● **Supplied data**:
lemma spans_chain_step:
  assumes spans: "spans_chain q \<sigma>" and r: "Suc r < length (svtx \<sigma>)"
  shows "chain_pos q (svtx \<sigma> ! Suc r) = Suc (chain_pos q (svtx \<sigma> ! r)) \<or>
         chain_pos q (svtx \<sigma> ! r) = Suc (chain_pos q (svtx \<sigma> ! Suc r))"
proof -
  have "r < length (snd \<sigma>)" using r unfolding svtx_def by simp
  then obtain i j s' where arrow: "(i, j, (TM, s')) \<in> Arr n T"
    and ends: "(i = svtx \<sigma> ! r \<and> j = svtx \<sigma> ! Suc r) \<or> (i = svtx \<sigma> ! Suc r \<and> j = svtx \<sigma> ! r)"
    using spans_chain_letter[OF spans] by (metis (full_types))
  have "set (svtx \<sigma>) = chain q" using spans unfolding spans_chain_def by simp
  hence "svtx \<sigma> ! r \<in> chain q" "svtx \<sigma> ! Suc r \<in> chain q"
    using nth_mem[of r "svtx \<sigma>"] nth_mem[OF r] r by simp_all
  thus ?thesis
    using chain_pos ends arrow_in_chain_adjacent[OF arrow] by metis
qed

lemma svtx_eq_chain_list_if_spans_chain:
  assumes spans: "spans_chain q \<sigma>"
  shows "svtx \<sigma> = chain_list q"
proof -
  define v where "v = svtx \<sigma>"
  define w where "w = chain_list q"
  define m where "m = length w"
  have distinct: "distinct v" and vertices: "set v = chain q"
    and longest: "\<forall>i\<in>chain q. snd (T ! i) \<le> snd (T ! last v)"
    using spans unfolding spans_chain_def v_def by auto
  have lv: "length v = m"
    using distinct_card[OF distinct] distinct_card[of w] chain_list[of q] vertices unfolding w_def m_def by simp
  have m1: "1 \<le> m" using lv unfolding v_def svtx_def by simp
  define p where "p r = chain_pos q (v ! r)" for r
  have vp: "p r < m \<and> v ! r = w ! p r" if "r < m" for r
  proof -
    have "v ! r \<in> chain q" using nth_mem[of r v] vertices lv that unfolding m_def by simp
    thus ?thesis using chain_pos[of "v ! r" q] unfolding p_def w_def m_def by auto
  qed
  have "p r = r" if "r < m" for r
  proof (rule eq_id_if_unit_steps[OF _ _ _ _ that])
    show "inj_on p {..<m}"
    proof (rule inj_onI)
      fix x y assume "x \<in> {..<m}" "y \<in> {..<m}" "p x = p y"
      hence "v ! x = v ! y" "x < length v" "y < length v" using vp lv by auto
      thus "x = y" using nth_eq_iff_index_eq[OF distinct] by blast
    qed
    show "p ` {..<m} \<subseteq> {..<m}" using vp by auto
    have top: "m - 1 < length (chain_list q)" "p (m - 1) < length (chain_list q)"
      using m1 vp[of "m - 1"] unfolding m_def w_def by auto
    have "v \<noteq> []" using lv m1 by auto
    hence "last v = w ! p (m - 1)" using vp[of "m - 1"] lv m1 by (simp add: last_conv_nth)
    hence "snd (T ! (w ! (m - 1))) \<le> snd (T ! (w ! p (m - 1)))"
      using longest nth_chain_list_mem[OF top(1)] unfolding w_def by simp
    hence "hi (w ! (m - 1)) - lo (w ! (m - 1)) \<le> hi (w ! p (m - 1)) - lo (w ! p (m - 1))"
      using summand_bounds[OF nth_chain_list_less[OF top(1)]] summand_bounds[OF nth_chain_list_less[OF top(2)]]
      unfolding w_def by simp
    hence "m - 1 \<le> p (m - 1)" using chain_list_index_le[OF top] unfolding w_def by simp
    thus "p (m - 1) = m - 1" using top(2) unfolding m_def w_def by simp
    fix r assume "Suc r < m"
    thus "p (Suc r) = Suc (p r) \<or> p r = Suc (p (Suc r))"
      using spans_chain_step[OF spans] lv unfolding p_def v_def by simp
  qed
  thus ?thesis using vp lv unfolding v_def w_def m_def by (intro nth_equalityI) auto
qed

lemma spans_chain_unique:
  assumes spans: "spans_chain q \<sigma>"
  shows "\<sigma> = chain_string q"
proof -
  obtain v0 L where \<sigma>: "\<sigma> = (v0, L)" by (cases \<sigma>)
  have sv: "svtx (v0, L) = chain_list q" using svtx_eq_chain_list_if_spans_chain[OF spans] unfolding \<sigma> .
  hence vertices: "v0 # map ltgt L = chain_list q" unfolding svtx_def by simp
  hence lenL: "length L = length (chain_list q) - 1" by (metis diff_Suc_1 length_Cons length_map)
  have "L ! s = chain_letter q s" if s: "s < length L" for s
  proof -
    obtain i j s' where letter: "fst (L ! s) = (i, j, (TM, s'))" and arrow: "(i, j, (TM, s')) \<in> Arr n T"
      and ends: "if snd (L ! s) then i = chain_list q ! s \<and> j = chain_list q ! Suc s
                 else i = chain_list q ! Suc s \<and> j = chain_list q ! s"
      using spans_chain_letter[OF spans[unfolded \<sigma>], of s, unfolded sv snd_conv] s by blast
    have "Suc s < length (chain_list q)" using s lenL by simp
    thus ?thesis
      using ends chain_letter_of_arrow[OF arrow, of s q "Suc s"] chain_letter_of_arrow[OF arrow, of "Suc s" q s]
      by (cases "snd (L ! s)") (auto simp: prod_eq_iff letter)
  qed
  hence "L = map (chain_letter q) [0..<length (chain_list q) - 1]"
    using lenL by (intro nth_equalityI) auto
  moreover have "v0 = chain_list q ! 0" using vertices by (metis nth_Cons_0)
  ultimately show ?thesis unfolding \<sigma> chain_string_def by simp
qed

lemma the_spans_chain: "chain q \<noteq> {} \<Longrightarrow> (THE \<sigma>. spans_chain q \<sigma>) = chain_string q"
  using chain_string_spans_chain spans_chain_unique by (intro the_equality) auto

lemma chain_letter_iff_TM:
  assumes arrow: "\<alpha> \<in> Arr n T" and t: "ti < length (chain_list q)" "tj < length (chain_list q)"
    and e: "chain_list q ! ti = asrc \<alpha>" "chain_list q ! tj = atgt \<alpha>"
  shows "((tj = Suc ti \<and> Suc ti < length (chain_list q) \<and> chain_letter q ti = (\<alpha>, True)) \<or>
          (ti = Suc tj \<and> Suc tj < length (chain_list q) \<and> chain_letter q tj = (\<alpha>, False))) \<longleftrightarrow>
         fst (snd (snd \<alpha>)) = TM"
proof
  assume "(tj = Suc ti \<and> Suc ti < length (chain_list q) \<and> chain_letter q ti = (\<alpha>, True)) \<or>
          (ti = Suc tj \<and> Suc tj < length (chain_list q) \<and> chain_letter q tj = (\<alpha>, False))"
  then obtain k d where "chain_letter q k = (\<alpha>, d)" by blast
  hence "\<alpha> = fst (chain_letter q k)" by simp
  thus "fst (snd (snd \<alpha>)) = TM" using chain_letter_eq(1)[of q k] by (auto split: if_splits)
next
  assume "fst (snd (snd \<alpha>)) = TM"
  then obtain i j s' where a: "\<alpha> = (i, j, (TM, s'))" by (cases \<alpha>) (auto simp: prod_eq_iff)
  have "chain_list q ! ti = i" "chain_list q ! tj = j" using e a by (auto simp: asrc_def atgt_def)
  from chain_letter_of_arrow[OF arrow[unfolded a] t this]
  show "(tj = Suc ti \<and> Suc ti < length (chain_list q) \<and> chain_letter q ti = (\<alpha>, True)) \<or>
        (ti = Suc tj \<and> Suc tj < length (chain_list q) \<and> chain_letter q tj = (\<alpha>, False))"
    using a t by auto
qed

text \<open>The string module of the chain string, with the basis indexed by positions in the chain.\<close>
definition chain_basis :: "int \<Rightarrow> nat \<Rightarrow> nat set" where
  "chain_basis q v = {s. s < length (chain_list q) \<and> chain_list q ! s = v}"

definition chain_action :: "int \<Rightarrow> arrow \<Rightarrow> nat \<Rightarrow> nat \<Rightarrow> 'k::field" where
  "chain_action q \<alpha> s' s =
     (if (s' = Suc s \<and> Suc s < length (chain_list q) \<and> chain_letter q s = (\<alpha>, True)) \<or>
         (s = Suc s' \<and> Suc s' < length (chain_list q) \<and> chain_letter q s' = (\<alpha>, False)) then 1 else 0)"

lemma chain_basis_eq: "chain_basis q v = (if v \<in> chain q then {chain_pos q v} else {})"
proof (cases "v \<in> chain q")
  case True
  have "\<And>s. s < length (chain_list q) \<Longrightarrow> chain_list q ! s = v \<Longrightarrow> s = chain_pos q v"
    using chain_pos[OF True] nth_chain_list_eq_iff[of _ q] by metis
  thus ?thesis using True chain_pos[OF True] unfolding chain_basis_def by auto
next
  case False
  thus ?thesis unfolding chain_basis_def using nth_chain_list_mem by auto
qed

lemma chain_action_pos:
  assumes "\<alpha> \<in> Arr n T" "asrc \<alpha> \<in> chain q" "atgt \<alpha> \<in> chain q"
  shows "chain_action q \<alpha> (chain_pos q (atgt \<alpha>)) (chain_pos q (asrc \<alpha>)) =
    (if fst (snd (snd \<alpha>)) = TM then 1 else 0)"
  using chain_letter_iff_TM[OF assms(1), of "chain_pos q (asrc \<alpha>)" q "chain_pos q (atgt \<alpha>)"]
    chain_pos[OF assms(2)] chain_pos[OF assms(3)]
  unfolding chain_action_def by simp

● **Exercise**:
Match on "lenL" and report each line of the data above that has it.

● **Answer to this problem**:
  hence lenL: "length L = length (chain_list q) - 1" by (metis diff_Suc_1 length_Cons length_map)
    have "Suc s < length (chain_list q)" using s lenL by simp
    using lenL by (intro nth_equalityI) auto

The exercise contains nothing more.